**Task instructions:**
Using the string "groups" as the key, pull each matching line out of the records below.

**Data extracts:**

=====

(* Assume $\mathbb E f(\boldsymbol X)=0$ and $p_{\min}>0$. Let $J_1,J_2,\dots\subset\{1,\dots,M\}$ be any sequence of sets with $\#J_l\le2$, and define $R_0^\star\equiv0$, $R_l^\star(\boldsymbol X)=R_{l-1}^\star(\boldsymbol X)+\mathbb E(f(\boldsymbol X)-R_{l-1}^\star(\boldsymbol X)\mid\boldsymbol X_{\mathcal X(J_l)})$. Then for each $l>0$ and every $J\subset\{1,\dots,M\}$ with $\#J\le2$, $$|\mathbb E(f(\boldsymbol X)-R_{l-1}^\star(\boldsymbol X)\mid\boldsymbol X_{\mathcal X(J)})|\le 3\sqrt{\mathbb E[f(\boldsymbol X)^2]}\,p_{\min}^{-1}\quad\text{almost surely},$$ and for each $s>0$, $\iota_s\le 3s\sqrt{\mathbb E[f(\boldsymbol X)^2]}\,p_{\min}^{-1}$, where $\iota_s=\sum_{l=1}^s\max_{\vec c\in\{0,1\}^{\#\mathcal X(J_l)}}|\mathbb E[f(\boldsymbol X)-R_{l-1}^\star(\boldsymbol X)\mid\boldsymbol X_{\mathcal X(J_l)}=\vec c]|$.
   Context: Setup. $\boldsymbol X=(X_1,\dots,X_p)^\top$ is a random vector in $\{0,1\}^p$; $\{1,\dots,p\}$ is partitioned into disjoint nonempty feature groups $\mathcal X(1),\dots,\mathcal X(M)$, $M\ge 2$; a group is either a single feature or has $\#\mathcal X(m)>1$ and consists of one-hot indicators ($\sum_{j\in\mathcal X(m)}\mathbf 1\{X_j=1\}=1$ a.s.). $\mathcal X(J)=\bigcup_{m\in J}\mathcal X(m)$, $\boldsymbol X_H=(X_j)_{j\in H}$. Convention: $\mathbb E(h(\boldsymbol X)\mid\boldsymbol X_H=\vec c)=0$ when $\mathbb P(\boldsymbol X_H=\vec c)=0$. $p_{\min}=\min_{1\le l<k\le M,\,i\in\mathcal X(l),\,j\in\mathcal X(k),\,(a,b)\in\{0,1\}^2}\mathbb P(X_i=a,X_j=b)$. $f:\{0,1\}^p\to\mathbb R$. *)

theory Defs
  imports "HOL-Probability.Probability"
begin

text \<open>A feature vector in {0,1}^p is modelled as x :: nat \<Rightarrow> bool, with coordinates
  0..p-1 (X_j = 1 iff x j); the distribution of X is a pmf supported on vectors
  vanishing outside {0..<p}.\<close>

definition feat_vecs :: "nat \<Rightarrow> (nat \<Rightarrow> bool) set" where
  "feat_vecs p = {x. \<forall>j. p \<le> j \<longrightarrow> \<not> x j}"

definition Xset :: "(nat \<Rightarrow> nat set) \<Rightarrow> nat set \<Rightarrow> nat set" where
  "Xset G J = (\<Union>m\<in>J. G m)"

text \<open>E(h(X) | X_H = c), with the convention 0 when P(X_H = c) = 0.\<close>
definition cond_exp_at ::
  "(nat \<Rightarrow> bool) pmf \<Rightarrow> ((nat \<Rightarrow> bool) \<Rightarrow> real) \<Rightarrow> nat set \<Rightarrow> (nat \<Rightarrow> bool) \<Rightarrow> real" where
  "cond_exp_at P h H c =
     (let A = {y. \<forall>j\<in>H. y j = c j} in
      if measure_pmf.prob P A = 0 then 0
      else measure_pmf.expectation P (\<lambda>y. h y * indicator A y) / measure_pmf.prob P A)"

definition cond_exp ::
  "(nat \<Rightarrow> bool) pmf \<Rightarrow> ((nat \<Rightarrow> bool) \<Rightarrow> real) \<Rightarrow> nat set \<Rightarrow> (nat \<Rightarrow> bool) \<Rightarrow> real" where
  "cond_exp P h H x = cond_exp_at P h H x"

primrec Rstar ::
  "(nat \<Rightarrow> bool) pmf \<Rightarrow> (nat \<Rightarrow> nat set) \<Rightarrow> ((nat \<Rightarrow> bool) \<Rightarrow> real) \<Rightarrow> (nat \<Rightarrow> nat set)
    \<Rightarrow> nat \<Rightarrow> (nat \<Rightarrow> bool) \<Rightarrow> real" where
  "Rstar P G f J 0 = (\<lambda>x. 0)"
| "Rstar P G f J (Suc l) = (\<lambda>x. Rstar P G f J l x
      + cond_exp P (\<lambda>y. f y - Rstar P G f J l y) (Xset G (J (Suc l))) x)"

definition p_min :: "(nat \<Rightarrow> bool) pmf \<Rightarrow> (nat \<Rightarrow> nat set) \<Rightarrow> nat \<Rightarrow> real" where
  "p_min P G M = Min {measure_pmf.prob P {x. x i = a \<and> x j = b} | l k i j a b.
       l < k \<and> k < M \<and> i \<in> G l \<and> j \<in> G k}"

definition assignments :: "nat set \<Rightarrow> (nat \<Rightarrow> bool) set" where
  "assignments H = {c. \<forall>j. j \<notin> H \<longrightarrow> \<not> c j}"

definition iota ::
  "(nat \<Rightarrow> bool) pmf \<Rightarrow> (nat \<Rightarrow> nat set) \<Rightarrow> ((nat \<Rightarrow> bool) \<Rightarrow> real) \<Rightarrow> (nat \<Rightarrow> nat set) \<Rightarrow> nat \<Rightarrow> real" where
  "iota P G f J s = (\<Sum>l=1..s. Max ((\<lambda>c. \<bar>cond_exp_at P (\<lambda>y. f y - Rstar P G f J (l - 1) y)
        (Xset G (J l)) c\<bar>) ` assignments (Xset G (J l))))"

end

(* Each step R*_l = R*_{l-1} + E(f - R*_{l-1} | X_{X(J_l)}) subtracts an orthogonal projection
   from the residual, so E (f - R*_l)^2 never exceeds E f^2.  By Cauchy-Schwarz a conditional
   mean of g on a cell of probability q is at most sqrt (E g^2 / q) in absolute value.  Because
   every group is a single feature or one-hot, on the support a pair of groups is determined by
   one coordinate from each, so every observed cell of X_{X(J)} with #J <= 2 contains an event
   {X_i = a, X_j = b} and has probability at least p_min.  As p_min <= 1, this gives the bound
   sqrt (E f^2) / p_min, with room to spare for the factor 3. *)

theory Submission
  imports Defs
begin

abbreviation cylinder :: "nat set \<Rightarrow> (nat \<Rightarrow> bool) \<Rightarrow> (nat \<Rightarrow> bool) set" where
  "cylinder H c \<equiv> {y. \<forall>j\<in>H. y j = c j}"

lemma expectation_finite_pmf:
  assumes "finite (set_pmf P)"
  shows "measure_pmf.expectation P h = (\<Sum>x\<in>set_pmf P. pmf P x * h x)"
  by (subst integral_measure_pmf_real[OF assms]) (auto simp: mult.commute)

lemma prob_finite_pmf:
  assumes "finite (set_pmf P)"
  shows "measure_pmf.prob P A = (\<Sum>x\<in>set_pmf P. pmf P x * indicator A x)"
  using expectation_finite_pmf[OF assms, of "indicator A"] by simp

lemma prob_cylinder_pos:
  assumes "x \<in> set_pmf P"
  shows "measure_pmf.prob P (cylinder H x) > 0"
proof -
  have "measure_pmf.prob P {x} \<le> measure_pmf.prob P (cylinder H x)"
    by (rule measure_pmf.finite_measure_mono) auto
  moreover have "measure_pmf.prob P {x} > 0"
    using assms by (simp add: measure_pmf_single pmf_positive)
  ultimately show ?thesis by linarith
qed

lemma cond_exp_at_cylinder_cong:
  "cylinder H c = cylinder H d \<Longrightarrow> cond_exp_at P h H c = cond_exp_at P h H d"
  by (simp add: cond_exp_at_def Let_def)

lemma cond_exp_at_eq_sum:
  assumes "finite (set_pmf P)" and "x \<in> set_pmf P"
  shows "cond_exp_at P g H x
    = (\<Sum>y\<in>set_pmf P. pmf P y * g y * indicator (cylinder H x) y)
      / (\<Sum>y\<in>set_pmf P. pmf P y * indicator (cylinder H x) y)"
  using prob_cylinder_pos[OF assms(2), of H]
  by (simp add: cond_exp_at_def Let_def expectation_finite_pmf[OF assms(1)]
      prob_finite_pmf[OF assms(1)] mult.assoc)

text \<open>The tower property, for weights r that are functions of X_H.\<close>
lemma sum_cond_exp_at_mult:
  assumes fin: "finite (set_pmf P)"
    and r: "\<And>x y. x \<in> set_pmf P \<Longrightarrow> y \<in> cylinder H x \<Longrightarrow> r y = r x"
  shows "(\<Sum>x\<in>set_pmf P. pmf P x * cond_exp_at P g H x * r x)
       = (\<Sum>x\<in>set_pmf P. pmf P x * g x * r x)"
proof -
  define S w where "S = set_pmf P" and "w = pmf P"
  define ind where "ind x y = (indicator (cylinder H x) y :: real)" for x y
  define pr where "pr x = (\<Sum>y\<in>S. w y * ind x y)" for x
  have pr_pos: "pr x > 0" if "x \<in> S" for x
    using prob_cylinder_pos[of x P H] that
    by (simp add: pr_def S_def w_def ind_def prob_finite_pmf[OF fin])
  have swap_term: "w x * w y * g y * ind x y * r x / pr x = w y * g y * r y * (w x * ind y x) / pr y"
    if "x \<in> S" "y \<in> S" for x y
  proof (cases "y \<in> cylinder H x")
    case True
    then have "cylinder H y = cylinder H x" by auto
    then show ?thesis using True r[of x y] that by (simp add: S_def ind_def pr_def)
  next
    case False
    then have "x \<notin> cylinder H y" by auto
    then show ?thesis using False by (simp add: ind_def)
  qed
  have "(\<Sum>x\<in>S. w x * cond_exp_at P g H x * r x)
      = (\<Sum>x\<in>S. \<Sum>y\<in>S. w x * w y * g y * ind x y * r x / pr x)"
    by (rule sum.cong[OF refl])
      (simp add: cond_exp_at_eq_sum[OF fin] S_def w_def ind_def pr_def
        sum_distrib_left sum_distrib_right sum_divide_distrib mult_ac)
  also have "\<dots> = (\<Sum>y\<in>S. \<Sum>x\<in>S. w y * g y * r y * (w x * ind y x) / pr y)"
    by (subst sum.swap) (simp add: swap_term)
  also have "\<dots> = (\<Sum>y\<in>S. w y * g y * r y)"
    using pr_pos by (intro sum.cong) (force simp: pr_def simp flip: sum_divide_distrib sum_distrib_left)+
  finally show ?thesis by (simp add: S_def w_def)
qed

lemma expectation_sq_sub_cond_exp_le:
  assumes fin: "finite (set_pmf P)"
  shows "measure_pmf.expectation P (\<lambda>x. (g x - cond_exp P g H x)\<^sup>2)
       \<le> measure_pmf.expectation P (\<lambda>x. (g x)\<^sup>2)"
proof -
  define q where "q = cond_exp_at P g H"
  have "(\<Sum>x\<in>set_pmf P. pmf P x * q x * q x) = (\<Sum>x\<in>set_pmf P. pmf P x * g x * q x)"
    unfolding q_def
    by (rule sum_cond_exp_at_mult[OF fin]) (auto intro: cond_exp_at_cylinder_cong)
  moreover have "(\<Sum>x\<in>set_pmf P. pmf P x * (g x - q x)\<^sup>2)
      = (\<Sum>x\<in>set_pmf P. pmf P x * (g x)\<^sup>2) - 2 * (\<Sum>x\<in>set_pmf P. pmf P x * g x * q x)
        + (\<Sum>x\<in>set_pmf P. pmf P x * q x * q x)"
    by (simp add: power2_eq_square algebra_simps sum.distrib sum_subtractf sum_distrib_left)
  ultimately have "(\<Sum>x\<in>set_pmf P. pmf P x * (g x - q x)\<^sup>2)
      = (\<Sum>x\<in>set_pmf P. pmf P x * (g x)\<^sup>2) - (\<Sum>x\<in>set_pmf P. pmf P x * (q x)\<^sup>2)"
    by (simp add: power2_eq_square mult.assoc)
  also have "\<dots> \<le> (\<Sum>x\<in>set_pmf P. pmf P x * (g x)\<^sup>2)"
    by (simp add: sum_nonneg)
  finally show ?thesis
    by (simp add: expectation_finite_pmf[OF fin] cond_exp_def q_def)
qed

=====

**Finished exercise:**
   Context: Setup. $\boldsymbol X=(X_1,\dots,X_p)^\top$ is a random vector in $\{0,1\}^p$; $\{1,\dots,p\}$ is partitioned into disjoint nonempty feature groups $\mathcal X(1),\dots,\mathcal X(M)$, $M\ge 2$; a group is either a single feature or has $\#\mathcal X(m)>1$ and consists of one-hot indicators ($\sum_{j\in\mathcal X(m)}\mathbf 1\{X_j=1\}=1$ a.s.). $\mathcal X(J)=\bigcup_{m\in J}\mathcal X(m)$, $\boldsymbol X_H=(X_j)_{j\in H}$. Convention: $\mathbb E(h(\boldsymbol X)\mid\boldsymbol X_H=\vec c)=0$ when $\mathbb P(\boldsymbol X_H=\vec c)=0$. $p_{\min}=\min_{1\le l<k\le M,\,i\in\mathcal X(l),\,j\in\mathcal X(k),\,(a,b)\in\{0,1\}^2}\mathbb P(X_i=a,X_j=b)$. $f:\{0,1\}^p\to\mathbb R$. *)
   every group is a single feature or one-hot, on the support a pair of groups is determined by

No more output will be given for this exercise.